Would you output the entries below only from the line containing "lborel (mu0_integrand \<tau>" through the line containing "mu0_integrand \<tau> t x +", exactly as they stand and with both ends included?

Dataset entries

Start of Block

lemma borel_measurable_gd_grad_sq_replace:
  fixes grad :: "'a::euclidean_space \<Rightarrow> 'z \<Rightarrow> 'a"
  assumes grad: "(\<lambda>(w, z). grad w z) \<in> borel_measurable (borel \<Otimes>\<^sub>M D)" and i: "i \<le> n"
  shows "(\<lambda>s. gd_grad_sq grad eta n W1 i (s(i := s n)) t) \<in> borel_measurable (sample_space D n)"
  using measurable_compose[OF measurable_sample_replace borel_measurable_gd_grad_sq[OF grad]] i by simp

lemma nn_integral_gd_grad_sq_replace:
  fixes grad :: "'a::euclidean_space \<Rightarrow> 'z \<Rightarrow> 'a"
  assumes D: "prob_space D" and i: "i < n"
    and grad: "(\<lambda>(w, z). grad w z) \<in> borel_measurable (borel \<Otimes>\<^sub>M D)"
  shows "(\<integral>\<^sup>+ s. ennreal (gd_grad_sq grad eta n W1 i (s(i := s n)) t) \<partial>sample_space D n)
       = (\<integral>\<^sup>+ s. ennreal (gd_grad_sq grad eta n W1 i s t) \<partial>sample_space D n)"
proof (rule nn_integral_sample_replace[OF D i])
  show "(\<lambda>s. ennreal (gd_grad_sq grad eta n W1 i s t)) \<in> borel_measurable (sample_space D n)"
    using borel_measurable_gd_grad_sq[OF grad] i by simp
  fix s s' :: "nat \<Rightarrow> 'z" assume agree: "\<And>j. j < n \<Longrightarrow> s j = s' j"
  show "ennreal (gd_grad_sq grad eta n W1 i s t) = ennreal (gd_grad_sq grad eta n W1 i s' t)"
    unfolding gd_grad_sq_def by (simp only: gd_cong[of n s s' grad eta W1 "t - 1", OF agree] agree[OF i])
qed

End of Block
Start of Block

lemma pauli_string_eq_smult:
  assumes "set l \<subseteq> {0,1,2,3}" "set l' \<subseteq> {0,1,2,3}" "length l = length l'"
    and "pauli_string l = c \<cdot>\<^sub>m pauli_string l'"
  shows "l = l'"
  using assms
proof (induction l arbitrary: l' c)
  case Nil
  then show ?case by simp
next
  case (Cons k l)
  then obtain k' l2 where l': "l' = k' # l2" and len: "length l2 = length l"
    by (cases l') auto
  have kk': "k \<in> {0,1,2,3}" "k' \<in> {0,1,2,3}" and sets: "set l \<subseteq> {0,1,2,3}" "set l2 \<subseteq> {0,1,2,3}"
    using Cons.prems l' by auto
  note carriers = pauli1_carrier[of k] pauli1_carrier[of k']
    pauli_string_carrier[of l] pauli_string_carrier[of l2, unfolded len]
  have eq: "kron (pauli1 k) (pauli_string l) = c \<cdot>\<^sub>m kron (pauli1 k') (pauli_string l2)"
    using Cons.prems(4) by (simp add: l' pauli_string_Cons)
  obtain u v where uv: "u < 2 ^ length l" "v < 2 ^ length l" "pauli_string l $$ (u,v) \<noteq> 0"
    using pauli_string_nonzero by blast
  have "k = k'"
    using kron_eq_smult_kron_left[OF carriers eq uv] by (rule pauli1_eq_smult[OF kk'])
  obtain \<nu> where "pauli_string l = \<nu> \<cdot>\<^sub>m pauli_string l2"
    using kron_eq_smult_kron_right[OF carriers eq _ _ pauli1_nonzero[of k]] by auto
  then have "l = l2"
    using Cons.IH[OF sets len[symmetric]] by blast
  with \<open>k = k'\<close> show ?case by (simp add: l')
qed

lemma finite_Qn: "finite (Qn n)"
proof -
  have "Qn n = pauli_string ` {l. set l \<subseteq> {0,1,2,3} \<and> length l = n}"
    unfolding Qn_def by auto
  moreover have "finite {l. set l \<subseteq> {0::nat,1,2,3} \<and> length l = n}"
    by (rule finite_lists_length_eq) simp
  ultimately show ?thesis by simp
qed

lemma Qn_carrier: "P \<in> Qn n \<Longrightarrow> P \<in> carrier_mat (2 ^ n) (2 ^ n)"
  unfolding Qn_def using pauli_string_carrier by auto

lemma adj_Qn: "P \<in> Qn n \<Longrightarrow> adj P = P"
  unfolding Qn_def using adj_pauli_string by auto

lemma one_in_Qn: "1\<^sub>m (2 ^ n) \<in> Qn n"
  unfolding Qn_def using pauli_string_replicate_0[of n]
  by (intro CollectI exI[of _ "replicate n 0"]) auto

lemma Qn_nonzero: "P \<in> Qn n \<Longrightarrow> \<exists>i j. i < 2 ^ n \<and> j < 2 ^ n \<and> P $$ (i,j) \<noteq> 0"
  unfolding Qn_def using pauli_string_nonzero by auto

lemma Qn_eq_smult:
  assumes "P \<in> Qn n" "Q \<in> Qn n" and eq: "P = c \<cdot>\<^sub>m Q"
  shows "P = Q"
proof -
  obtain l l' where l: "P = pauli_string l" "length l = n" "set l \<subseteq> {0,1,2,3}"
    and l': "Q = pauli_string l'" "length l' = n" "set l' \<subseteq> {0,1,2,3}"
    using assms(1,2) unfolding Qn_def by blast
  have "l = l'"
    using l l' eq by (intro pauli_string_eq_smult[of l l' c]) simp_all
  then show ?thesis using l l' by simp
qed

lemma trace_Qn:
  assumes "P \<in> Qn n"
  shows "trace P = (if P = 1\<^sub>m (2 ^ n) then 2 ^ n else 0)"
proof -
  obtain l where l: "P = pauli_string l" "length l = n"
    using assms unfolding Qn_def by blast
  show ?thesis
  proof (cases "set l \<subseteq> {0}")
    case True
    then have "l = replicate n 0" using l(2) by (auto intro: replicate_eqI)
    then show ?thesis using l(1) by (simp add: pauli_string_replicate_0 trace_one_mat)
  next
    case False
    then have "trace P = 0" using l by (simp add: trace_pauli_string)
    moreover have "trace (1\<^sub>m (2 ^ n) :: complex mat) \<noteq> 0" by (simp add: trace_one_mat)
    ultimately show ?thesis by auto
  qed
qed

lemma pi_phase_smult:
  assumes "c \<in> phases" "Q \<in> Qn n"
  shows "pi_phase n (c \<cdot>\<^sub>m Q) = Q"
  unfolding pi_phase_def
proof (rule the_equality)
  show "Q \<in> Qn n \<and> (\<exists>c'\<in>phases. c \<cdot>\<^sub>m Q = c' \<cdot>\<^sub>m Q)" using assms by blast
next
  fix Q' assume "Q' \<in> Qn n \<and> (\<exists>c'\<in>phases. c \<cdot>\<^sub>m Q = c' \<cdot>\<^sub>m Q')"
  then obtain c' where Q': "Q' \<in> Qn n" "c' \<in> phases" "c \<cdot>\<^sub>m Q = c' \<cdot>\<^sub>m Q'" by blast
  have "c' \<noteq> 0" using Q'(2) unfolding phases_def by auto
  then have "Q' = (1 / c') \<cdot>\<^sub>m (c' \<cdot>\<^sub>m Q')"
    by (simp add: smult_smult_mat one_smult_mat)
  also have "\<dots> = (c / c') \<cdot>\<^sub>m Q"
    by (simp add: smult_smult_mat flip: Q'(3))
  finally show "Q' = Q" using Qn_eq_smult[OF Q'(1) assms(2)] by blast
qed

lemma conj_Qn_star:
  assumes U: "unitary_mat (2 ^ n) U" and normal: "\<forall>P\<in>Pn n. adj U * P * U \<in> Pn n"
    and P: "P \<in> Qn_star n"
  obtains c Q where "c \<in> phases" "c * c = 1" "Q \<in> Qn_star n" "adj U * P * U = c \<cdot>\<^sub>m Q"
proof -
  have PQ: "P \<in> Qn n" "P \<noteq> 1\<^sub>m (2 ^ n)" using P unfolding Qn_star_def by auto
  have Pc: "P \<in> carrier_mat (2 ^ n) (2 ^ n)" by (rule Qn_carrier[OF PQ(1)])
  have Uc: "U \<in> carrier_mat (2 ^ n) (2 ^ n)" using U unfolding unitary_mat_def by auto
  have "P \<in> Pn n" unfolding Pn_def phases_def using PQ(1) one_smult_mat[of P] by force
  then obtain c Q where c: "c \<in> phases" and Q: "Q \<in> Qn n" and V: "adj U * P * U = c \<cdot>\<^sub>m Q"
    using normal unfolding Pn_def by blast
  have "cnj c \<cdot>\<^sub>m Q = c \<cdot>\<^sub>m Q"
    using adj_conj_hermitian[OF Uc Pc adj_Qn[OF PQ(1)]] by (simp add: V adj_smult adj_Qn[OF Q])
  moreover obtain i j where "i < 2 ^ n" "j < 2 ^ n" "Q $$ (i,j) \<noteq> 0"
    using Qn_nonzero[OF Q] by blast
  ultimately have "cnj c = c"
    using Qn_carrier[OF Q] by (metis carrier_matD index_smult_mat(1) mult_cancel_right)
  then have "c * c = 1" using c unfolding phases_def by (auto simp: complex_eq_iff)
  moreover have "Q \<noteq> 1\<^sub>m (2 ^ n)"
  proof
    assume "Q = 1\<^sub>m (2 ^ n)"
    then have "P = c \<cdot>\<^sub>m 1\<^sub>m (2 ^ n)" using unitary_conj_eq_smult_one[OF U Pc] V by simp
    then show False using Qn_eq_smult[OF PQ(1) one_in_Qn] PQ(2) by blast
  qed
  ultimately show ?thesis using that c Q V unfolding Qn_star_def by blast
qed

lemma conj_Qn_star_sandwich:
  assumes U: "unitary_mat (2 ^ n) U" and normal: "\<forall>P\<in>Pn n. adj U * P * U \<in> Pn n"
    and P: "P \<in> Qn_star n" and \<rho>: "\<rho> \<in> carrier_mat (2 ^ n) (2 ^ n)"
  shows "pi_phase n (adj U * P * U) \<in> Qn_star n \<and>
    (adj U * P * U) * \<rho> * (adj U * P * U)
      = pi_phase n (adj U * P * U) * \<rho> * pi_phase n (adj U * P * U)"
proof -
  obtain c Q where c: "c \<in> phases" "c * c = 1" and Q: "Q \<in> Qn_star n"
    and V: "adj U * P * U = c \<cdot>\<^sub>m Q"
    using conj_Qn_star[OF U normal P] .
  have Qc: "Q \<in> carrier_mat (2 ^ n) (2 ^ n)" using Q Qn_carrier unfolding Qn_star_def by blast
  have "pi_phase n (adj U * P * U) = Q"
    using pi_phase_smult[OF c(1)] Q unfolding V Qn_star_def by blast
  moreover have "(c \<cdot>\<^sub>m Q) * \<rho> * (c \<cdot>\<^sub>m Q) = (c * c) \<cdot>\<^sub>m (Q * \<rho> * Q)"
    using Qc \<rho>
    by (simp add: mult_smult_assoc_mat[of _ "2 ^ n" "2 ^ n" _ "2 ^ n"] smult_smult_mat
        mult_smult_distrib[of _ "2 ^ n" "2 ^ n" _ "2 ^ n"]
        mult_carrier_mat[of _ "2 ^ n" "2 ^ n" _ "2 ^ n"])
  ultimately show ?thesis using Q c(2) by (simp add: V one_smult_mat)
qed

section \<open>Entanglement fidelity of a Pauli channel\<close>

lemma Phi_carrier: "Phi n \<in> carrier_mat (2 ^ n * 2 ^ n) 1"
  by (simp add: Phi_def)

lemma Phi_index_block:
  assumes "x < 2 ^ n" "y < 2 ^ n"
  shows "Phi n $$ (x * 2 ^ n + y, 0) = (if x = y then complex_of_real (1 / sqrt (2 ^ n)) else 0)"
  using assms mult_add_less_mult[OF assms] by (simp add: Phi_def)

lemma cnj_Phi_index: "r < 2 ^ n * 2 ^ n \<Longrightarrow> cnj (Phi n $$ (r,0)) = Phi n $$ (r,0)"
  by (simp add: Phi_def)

End of Block
Start of Block

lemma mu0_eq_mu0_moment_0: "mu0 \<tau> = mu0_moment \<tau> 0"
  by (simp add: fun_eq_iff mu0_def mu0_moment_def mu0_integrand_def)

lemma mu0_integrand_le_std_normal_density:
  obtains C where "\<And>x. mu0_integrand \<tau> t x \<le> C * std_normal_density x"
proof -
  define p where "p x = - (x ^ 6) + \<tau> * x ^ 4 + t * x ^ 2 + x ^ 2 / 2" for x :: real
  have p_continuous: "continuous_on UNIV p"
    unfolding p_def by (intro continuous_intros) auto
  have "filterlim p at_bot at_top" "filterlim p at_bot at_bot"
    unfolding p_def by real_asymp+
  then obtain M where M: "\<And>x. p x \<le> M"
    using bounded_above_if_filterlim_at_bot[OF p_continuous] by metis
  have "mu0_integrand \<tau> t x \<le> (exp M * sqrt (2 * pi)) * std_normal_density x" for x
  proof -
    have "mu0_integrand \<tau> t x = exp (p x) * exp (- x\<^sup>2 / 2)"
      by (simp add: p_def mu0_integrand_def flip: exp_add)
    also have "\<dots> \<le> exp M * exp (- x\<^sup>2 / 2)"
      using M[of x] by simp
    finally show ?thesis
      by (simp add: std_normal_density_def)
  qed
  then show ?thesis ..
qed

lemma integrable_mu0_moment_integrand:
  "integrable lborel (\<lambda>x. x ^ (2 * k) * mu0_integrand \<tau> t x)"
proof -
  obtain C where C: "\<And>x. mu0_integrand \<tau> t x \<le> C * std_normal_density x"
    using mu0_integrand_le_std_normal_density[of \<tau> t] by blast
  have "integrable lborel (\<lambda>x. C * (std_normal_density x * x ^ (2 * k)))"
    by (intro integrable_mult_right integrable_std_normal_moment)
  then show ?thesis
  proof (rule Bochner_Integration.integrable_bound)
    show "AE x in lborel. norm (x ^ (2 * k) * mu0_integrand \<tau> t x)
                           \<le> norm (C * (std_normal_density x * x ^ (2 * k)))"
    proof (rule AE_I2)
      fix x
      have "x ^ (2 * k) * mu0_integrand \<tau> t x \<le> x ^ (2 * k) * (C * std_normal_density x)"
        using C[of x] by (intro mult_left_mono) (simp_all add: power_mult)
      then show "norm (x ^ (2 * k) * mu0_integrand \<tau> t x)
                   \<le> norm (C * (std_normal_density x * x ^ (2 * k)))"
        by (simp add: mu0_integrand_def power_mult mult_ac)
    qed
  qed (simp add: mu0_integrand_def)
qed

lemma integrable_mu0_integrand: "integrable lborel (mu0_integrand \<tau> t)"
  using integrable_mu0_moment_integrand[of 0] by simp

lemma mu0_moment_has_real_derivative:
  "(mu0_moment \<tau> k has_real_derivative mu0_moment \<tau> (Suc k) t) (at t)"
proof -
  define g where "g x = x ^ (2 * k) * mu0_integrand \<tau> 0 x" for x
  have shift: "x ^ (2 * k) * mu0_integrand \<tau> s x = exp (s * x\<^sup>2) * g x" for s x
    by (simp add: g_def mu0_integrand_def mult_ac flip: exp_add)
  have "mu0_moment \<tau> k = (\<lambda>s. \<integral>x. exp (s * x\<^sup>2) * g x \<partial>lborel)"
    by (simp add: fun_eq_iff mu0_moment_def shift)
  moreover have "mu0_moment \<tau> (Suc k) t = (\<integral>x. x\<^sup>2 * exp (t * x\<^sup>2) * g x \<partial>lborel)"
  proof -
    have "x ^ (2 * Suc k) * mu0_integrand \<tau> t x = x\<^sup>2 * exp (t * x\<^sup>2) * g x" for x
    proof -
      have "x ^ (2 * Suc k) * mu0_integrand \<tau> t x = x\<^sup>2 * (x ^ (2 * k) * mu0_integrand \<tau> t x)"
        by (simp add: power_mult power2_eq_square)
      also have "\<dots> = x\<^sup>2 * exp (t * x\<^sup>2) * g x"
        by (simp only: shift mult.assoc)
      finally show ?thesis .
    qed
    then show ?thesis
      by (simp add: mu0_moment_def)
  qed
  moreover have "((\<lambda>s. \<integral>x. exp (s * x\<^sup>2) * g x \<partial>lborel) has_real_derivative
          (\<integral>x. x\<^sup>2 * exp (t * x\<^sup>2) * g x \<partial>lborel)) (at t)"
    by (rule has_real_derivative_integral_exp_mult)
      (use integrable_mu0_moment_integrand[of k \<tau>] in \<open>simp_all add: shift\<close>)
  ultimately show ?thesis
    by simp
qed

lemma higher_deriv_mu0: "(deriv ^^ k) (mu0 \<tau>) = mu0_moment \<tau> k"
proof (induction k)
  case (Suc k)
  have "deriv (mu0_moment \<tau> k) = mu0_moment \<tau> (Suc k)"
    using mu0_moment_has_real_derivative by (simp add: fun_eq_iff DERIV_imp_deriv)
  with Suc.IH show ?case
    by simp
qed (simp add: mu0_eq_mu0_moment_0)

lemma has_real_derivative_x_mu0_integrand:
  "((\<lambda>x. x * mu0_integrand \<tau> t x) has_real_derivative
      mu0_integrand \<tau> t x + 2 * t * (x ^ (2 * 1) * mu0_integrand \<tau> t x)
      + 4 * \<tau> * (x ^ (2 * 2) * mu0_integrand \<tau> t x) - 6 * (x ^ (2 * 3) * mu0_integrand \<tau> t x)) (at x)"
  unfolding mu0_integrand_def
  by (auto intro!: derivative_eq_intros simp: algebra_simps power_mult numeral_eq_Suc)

End of Block

Exercise response -
lemma integrable_mu0_integrand: "integrable lborel (mu0_integrand \<tau> t)"
  using integrable_mu0_moment_integrand[of 0] by simp

lemma mu0_moment_has_real_derivative:
  "(mu0_moment \<tau> k has_real_derivative mu0_moment \<tau> (Suc k) t) (at t)"
proof -
  define g where "g x = x ^ (2 * k) * mu0_integrand \<tau> 0 x" for x
  have shift: "x ^ (2 * k) * mu0_integrand \<tau> s x = exp (s * x\<^sup>2) * g x" for s x
    by (simp add: g_def mu0_integrand_def mult_ac flip: exp_add)
  have "mu0_moment \<tau> k = (\<lambda>s. \<integral>x. exp (s * x\<^sup>2) * g x \<partial>lborel)"
    by (simp add: fun_eq_iff mu0_moment_def shift)
  moreover have "mu0_moment \<tau> (Suc k) t = (\<integral>x. x\<^sup>2 * exp (t * x\<^sup>2) * g x \<partial>lborel)"
  proof -
    have "x ^ (2 * Suc k) * mu0_integrand \<tau> t x = x\<^sup>2 * exp (t * x\<^sup>2) * g x" for x
    proof -
      have "x ^ (2 * Suc k) * mu0_integrand \<tau> t x = x\<^sup>2 * (x ^ (2 * k) * mu0_integrand \<tau> t x)"
        by (simp add: power_mult power2_eq_square)
      also have "\<dots> = x\<^sup>2 * exp (t * x\<^sup>2) * g x"
        by (simp only: shift mult.assoc)
      finally show ?thesis .
    qed
    then show ?thesis
      by (simp add: mu0_moment_def)
  qed
  moreover have "((\<lambda>s. \<integral>x. exp (s * x\<^sup>2) * g x \<partial>lborel) has_real_derivative
          (\<integral>x. x\<^sup>2 * exp (t * x\<^sup>2) * g x \<partial>lborel)) (at t)"
    by (rule has_real_derivative_integral_exp_mult)
      (use integrable_mu0_moment_integrand[of k \<tau>] in \<open>simp_all add: shift\<close>)
  ultimately show ?thesis
    by simp
qed

lemma higher_deriv_mu0: "(deriv ^^ k) (mu0 \<tau>) = mu0_moment \<tau> k"
proof (induction k)
  case (Suc k)
  have "deriv (mu0_moment \<tau> k) = mu0_moment \<tau> (Suc k)"
    using mu0_moment_has_real_derivative by (simp add: fun_eq_iff DERIV_imp_deriv)
  with Suc.IH show ?case
    by simp
qed (simp add: mu0_eq_mu0_moment_0)

lemma has_real_derivative_x_mu0_integrand:
  "((\<lambda>x. x * mu0_integrand \<tau> t x) has_real_derivative
      mu0_integrand \<tau> t x + 2 * t * (x ^ (2 * 1) * mu0_integrand \<tau> t x)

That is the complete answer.